Dataset items

---+---

lemma length_fstar_le:
  fixes f :: "'z::finite \<Rightarrow> 'x::finite \<Rightarrow> bool list"
  shows "length (fstar f g z xs) \<le> length xs * L_max f"
proof (induction xs arbitrary: z)
  case (Cons x xs)
  show ?case using Cons.IH[of "g z x"] length_le_L_max[of f z x] by simp
qed simp

lemma kraft_sum_le_max_length:
  assumes "U \<subseteq> {w :: bool list. length w \<le> N}"
  shows "(\<Sum>w\<in>U. 2 powr (- real (length w))) \<le> real N + 1"
proof -
  let ?T = "{w :: bool list. length w \<le> N}"
  have "finite ?T"
    using finite_lists_length_le[of "UNIV :: bool set" N] by simp
  have level: "(\<Sum>w\<in>(words k :: bool list set). 2 powr (- real (length w))) = 1" for k
  proof -
    have card_words: "card (words k :: bool list set) = 2 ^ k"
      using card_lists_length_eq[of "UNIV :: bool set" k] by simp
    show ?thesis by (simp add: card_words powr_minus powr_realpow)
  qed
  have "(\<Sum>w\<in>U. 2 powr (- real (length w))) \<le> (\<Sum>w\<in>?T. 2 powr (- real (length w)))"
    using \<open>finite ?T\<close> assms by (intro sum_mono2) auto
  also have "\<dots> = (\<Sum>k\<le>N. \<Sum>w\<in>{w\<in>?T. length w = k}. 2 powr (- real (length w)))"
    using \<open>finite ?T\<close> by (intro sum.group[symmetric]) auto
  also have "\<dots> = (\<Sum>k\<le>N. 1)"
  proof (intro sum.cong refl)
    fix k assume "k \<in> {..N}"
    then have "{w\<in>?T. length w = k} = words k" by auto
    then show "(\<Sum>w\<in>{w\<in>?T. length w = k}. 2 powr (- real (length w))) = 1"
      using level by simp
  qed
  finally show ?thesis by simp
qed

lemma mat_pow_kraft_matrix_le_linear:
  fixes f :: "'z::finite \<Rightarrow> 'x::finite \<Rightarrow> bool list"
  assumes IL: "info_lossless f g"
  shows "mat_pow (kraft_matrix f g) n z z' \<le> real n * real (L_max f) + 1"
proof (cases "n = 0")
  case False
  let ?T = "{xs\<in>words n. gstar g z xs = z'}"
  have "inj_on (\<lambda>xs. (fstar f g z xs, gstar g z xs)) (words n)"
    using IL False unfolding info_lossless_def by auto
  then have inj: "inj_on (fstar f g z) ?T"
    by (auto simp: inj_on_def)
  have "mat_pow (kraft_matrix f g) n z z' = (\<Sum>xs\<in>?T. 2 powr (- real (length (fstar f g z xs))))"
    unfolding mat_pow_kraft_matrix by (simp add: sum.inter_filter[symmetric] finite_words)
  also have "\<dots> = (\<Sum>w\<in>fstar f g z ` ?T. 2 powr (- real (length w)))"
    using sum.reindex[OF inj, of "\<lambda>w. 2 powr (- real (length w))"] by simp
  also have "\<dots> \<le> real (n * L_max f) + 1"
    using length_fstar_le[of f g z] by (intro kraft_sum_le_max_length) fastforce
  finally show ?thesis by simp
qed simp

lemma mat_pow_kraft_matrix_le:
  fixes f :: "'z::finite \<Rightarrow> 'x::finite \<Rightarrow> bool list"
  assumes "info_lossless f g" and "irreducible_matrix (kraft_matrix f g)"
  shows "mat_pow (kraft_matrix f g) n z z' \<le> 2 ^ ((card (UNIV :: 'z set) - 1) * L_max f)"
  using mat_pow_le_if_linear_growth[of "kraft_matrix f g" "1 / 2 ^ L_max f", OF kraft_matrix_nonneg
      assms(2) _ _ kraft_matrix_pos_ge mat_pow_kraft_matrix_le_linear[OF assms(1)]]
  by (simp add: power_mult mult.commute)

section \<open>Entropy bounds\<close>

lemma entropy2_eq: "entropy2 A p = - (\<Sum>a\<in>A. p a * log 2 (p a))"
  unfolding entropy2_def by (intro arg_cong[where f = uminus] sum.cong) auto

lemma gibbs_inequality:
  fixes p q :: "'a \<Rightarrow> real"
  assumes "finite A" and p_nonneg: "\<And>a. a \<in> A \<Longrightarrow> p a \<ge> 0" and p_sum: "(\<Sum>a\<in>A. p a) = 1"
    and q_nonneg: "\<And>a. a \<in> A \<Longrightarrow> q a \<ge> 0" and q_pos: "\<And>a. a \<in> A \<Longrightarrow> p a > 0 \<Longrightarrow> q a > 0"
  shows "(\<Sum>a\<in>A. p a * log 2 (q a / p a)) \<le> log 2 (\<Sum>a\<in>A. q a)"
proof -
  define S where "S = (\<Sum>a\<in>A. q a)"
  have "\<exists>a\<in>A. p a > 0"
  proof (rule ccontr)
    assume "\<not> (\<exists>a\<in>A. p a > 0)"
    then have "(\<Sum>a\<in>A. p a) \<le> 0" by (intro sum_nonpos) (simp add: not_less)
    with p_sum show False by simp
  qed
  then obtain a0 where a0: "a0 \<in> A" "p a0 > 0" by blast
  have "q a0 \<le> S"
    unfolding S_def using \<open>finite A\<close> a0(1) q_nonneg by (intro member_le_sum) auto
  with q_pos[OF a0] have "S > 0" by simp
  \<comment> \<open>ln x \<le> x - 1 applied to x = q a / (S p a)\<close>
  have pointwise: "p a * log 2 (q a / p a) \<le> p a * log 2 S + (q a / S - p a) / ln 2"
    if a: "a \<in> A" for a
  proof (cases "p a = 0")
    case True
    then show ?thesis using q_nonneg[OF a] \<open>S > 0\<close> by simp
  next
    case False
    with p_nonneg[OF a] have "p a > 0" by simp
    with q_pos[OF a] have "q a > 0" by simp
    have "p a * ln (q a / (S * p a)) \<le> p a * (q a / (S * p a) - 1)"
      using \<open>p a > 0\<close> \<open>q a > 0\<close> \<open>S > 0\<close> by (intro mult_left_mono ln_le_minus_one) auto
    also have "\<dots> = q a / S - p a"
      using \<open>p a > 0\<close> \<open>S > 0\<close> by (simp add: field_simps)
    finally have "p a * ln (q a / (S * p a)) / ln 2 \<le> (q a / S - p a) / ln 2"
      by (simp add: divide_right_mono)
    moreover have "p a * log 2 (q a / p a) = p a * log 2 S + p a * ln (q a / (S * p a)) / ln 2"
      using \<open>p a > 0\<close> \<open>q a > 0\<close> \<open>S > 0\<close> by (simp add: log_def ln_div ln_mult field_simps)
    ultimately show ?thesis by simp
  qed
  have "(\<Sum>a\<in>A. p a * log 2 (q a / p a)) \<le> (\<Sum>a\<in>A. p a * log 2 S + (q a / S - p a) / ln 2)"
    using pointwise by (rule sum_mono)
  also have "\<dots> = log 2 S * (\<Sum>a\<in>A. p a) + ((\<Sum>a\<in>A. q a) / S - (\<Sum>a\<in>A. p a)) / ln 2"
    by (simp add: sum.distrib sum_distrib_left sum_distrib_right sum_subtractf
        sum_divide_distrib[symmetric] mult.commute)
  also have "\<dots> = log 2 S"
    using p_sum \<open>S > 0\<close> unfolding S_def by simp
  finally show ?thesis unfolding S_def .
qed

lemma entropy2_le_expected_length:
  fixes f :: "'z::finite \<Rightarrow> 'x::finite \<Rightarrow> bool list" and P :: "'z \<times> 'x list \<Rightarrow> real"
  assumes IL: "info_lossless f g" and irr: "irreducible_matrix (kraft_matrix f g)"
    and P: "is_pmf_on (UNIV \<times> words l) P"
  shows "entropy2 (UNIV \<times> words l) P \<le>
    (\<Sum>(z, xs)\<in>UNIV \<times> words l. P (z, xs) * real (length (fstar f g z xs)))
    + (2 * log 2 (real (card (UNIV :: 'z set))) + (real (card (UNIV :: 'z set)) - 1) * real (L_max f))"
proof -
  let ?A = "(UNIV :: 'z set) \<times> (words l :: 'x list set)"
  let ?s = "card (UNIV :: 'z set)"
  let ?len = "\<lambda>a. real (length (fstar f g (fst a) (snd a)))"
  define q where "q a = 2 powr (- ?len a)" for a
  have "finite ?A" by (simp add: finite_words)
  have P_nonneg: "\<And>a. P a \<ge> 0" and P_sum: "(\<Sum>a\<in>?A. P a) = 1"
    using P unfolding is_pmf_on_def by auto
  have "P a * log 2 (q a / P a) = - (P a * ?len a) - P a * log 2 (P a)" for a
    using P_nonneg[of a] unfolding q_def
    by (cases "P a = 0") (simp_all add: log_divide_pos log_powr_cancel algebra_simps)
  then have "entropy2 ?A P - (\<Sum>a\<in>?A. P a * ?len a) = (\<Sum>a\<in>?A. P a * log 2 (q a / P a))"
    unfolding entropy2_eq by (simp add: sum_subtractf sum_negf)
  also have "\<dots> \<le> log 2 (\<Sum>a\<in>?A. q a)"
    using \<open>finite ?A\<close> P_nonneg P_sum by (intro gibbs_inequality) (auto simp: q_def)
  also have "\<dots> \<le> log 2 (real ?s * real ?s * 2 ^ ((?s - 1) * L_max f))"
  proof (intro log_mono)
    have "(\<Sum>a\<in>?A. q a) = (\<Sum>z\<in>UNIV. \<Sum>z'\<in>UNIV. mat_pow (kraft_matrix f g) l z z')"
      by (simp add: q_def sum.cartesian_product sum_mat_pow_kraft_matrix split_def)
    also have "\<dots> \<le> (\<Sum>z\<in>(UNIV :: 'z set). \<Sum>z'\<in>(UNIV :: 'z set). 2 ^ ((?s - 1) * L_max f))"
      by (intro sum_mono mat_pow_kraft_matrix_le[OF IL irr])
    finally show "(\<Sum>a\<in>?A. q a) \<le> real ?s * real ?s * 2 ^ ((?s - 1) * L_max f)"
      by simp
    have "?A \<noteq> {}" by (auto intro: exI[of _ "replicate l undefined"])
    then show "(\<Sum>a\<in>?A. q a) > 0"
      using \<open>finite ?A\<close> by (intro sum_pos) (auto simp: q_def)
  qed simp
  also have "\<dots> = 2 * log 2 (real ?s) + (real ?s - 1) * real (L_max f)"
    using finite_UNIV_card_ge_0[where 'a = 'z] by (simp add: log_mult log_nat_power of_nat_diff)
  finally show ?thesis by (simp add: split_def)
qed

lemma entropy2_marginal_le:
  fixes P :: "'z::finite \<times> 'x::finite list \<Rightarrow> real"
  assumes P: "is_pmf_on (UNIV \<times> words l) P"
  shows "entropy2 (words l) (\<lambda>xs. \<Sum>z\<in>UNIV. P (z, xs)) \<le> entropy2 (UNIV \<times> words l) P"
proof -
  let ?PX = "\<lambda>xs. \<Sum>z\<in>UNIV. P (z, xs)"
  have P_nonneg: "\<And>a. P a \<ge> 0" using P unfolding is_pmf_on_def by auto
  have pointwise: "P (z, xs) * log 2 (P (z, xs)) \<le> P (z, xs) * log 2 (?PX xs)" for z xs
  proof (cases "P (z, xs) = 0")
    case False
    with P_nonneg have "P (z, xs) > 0" by (simp add: less_le)
    moreover have "P (z, xs) \<le> ?PX xs" by (rule member_le_sum) (auto simp: P_nonneg)
    ultimately show ?thesis by (intro mult_left_mono log_mono) auto
  qed simp
  have "(\<Sum>a\<in>UNIV \<times> words l. P a * log 2 (P a)) \<le>
      (\<Sum>(z, xs)\<in>UNIV \<times> words l. P (z, xs) * log 2 (?PX xs))"
    by (rule sum_mono) (auto simp: pointwise)
  also have "\<dots> = (\<Sum>z\<in>UNIV. \<Sum>xs\<in>words l. P (z, xs) * log 2 (?PX xs))"
    by (simp add: sum.cartesian_product)
  also have "\<dots> = (\<Sum>xs\<in>words l. ?PX xs * log 2 (?PX xs))"
    by (subst sum.swap) (simp add: sum_distrib_right)
  finally show ?thesis unfolding entropy2_eq by simp
qed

---+---

Activity:
Could you state how many lines in the data hold the word "rule"? Only the number should be given.

Exercise solution:
4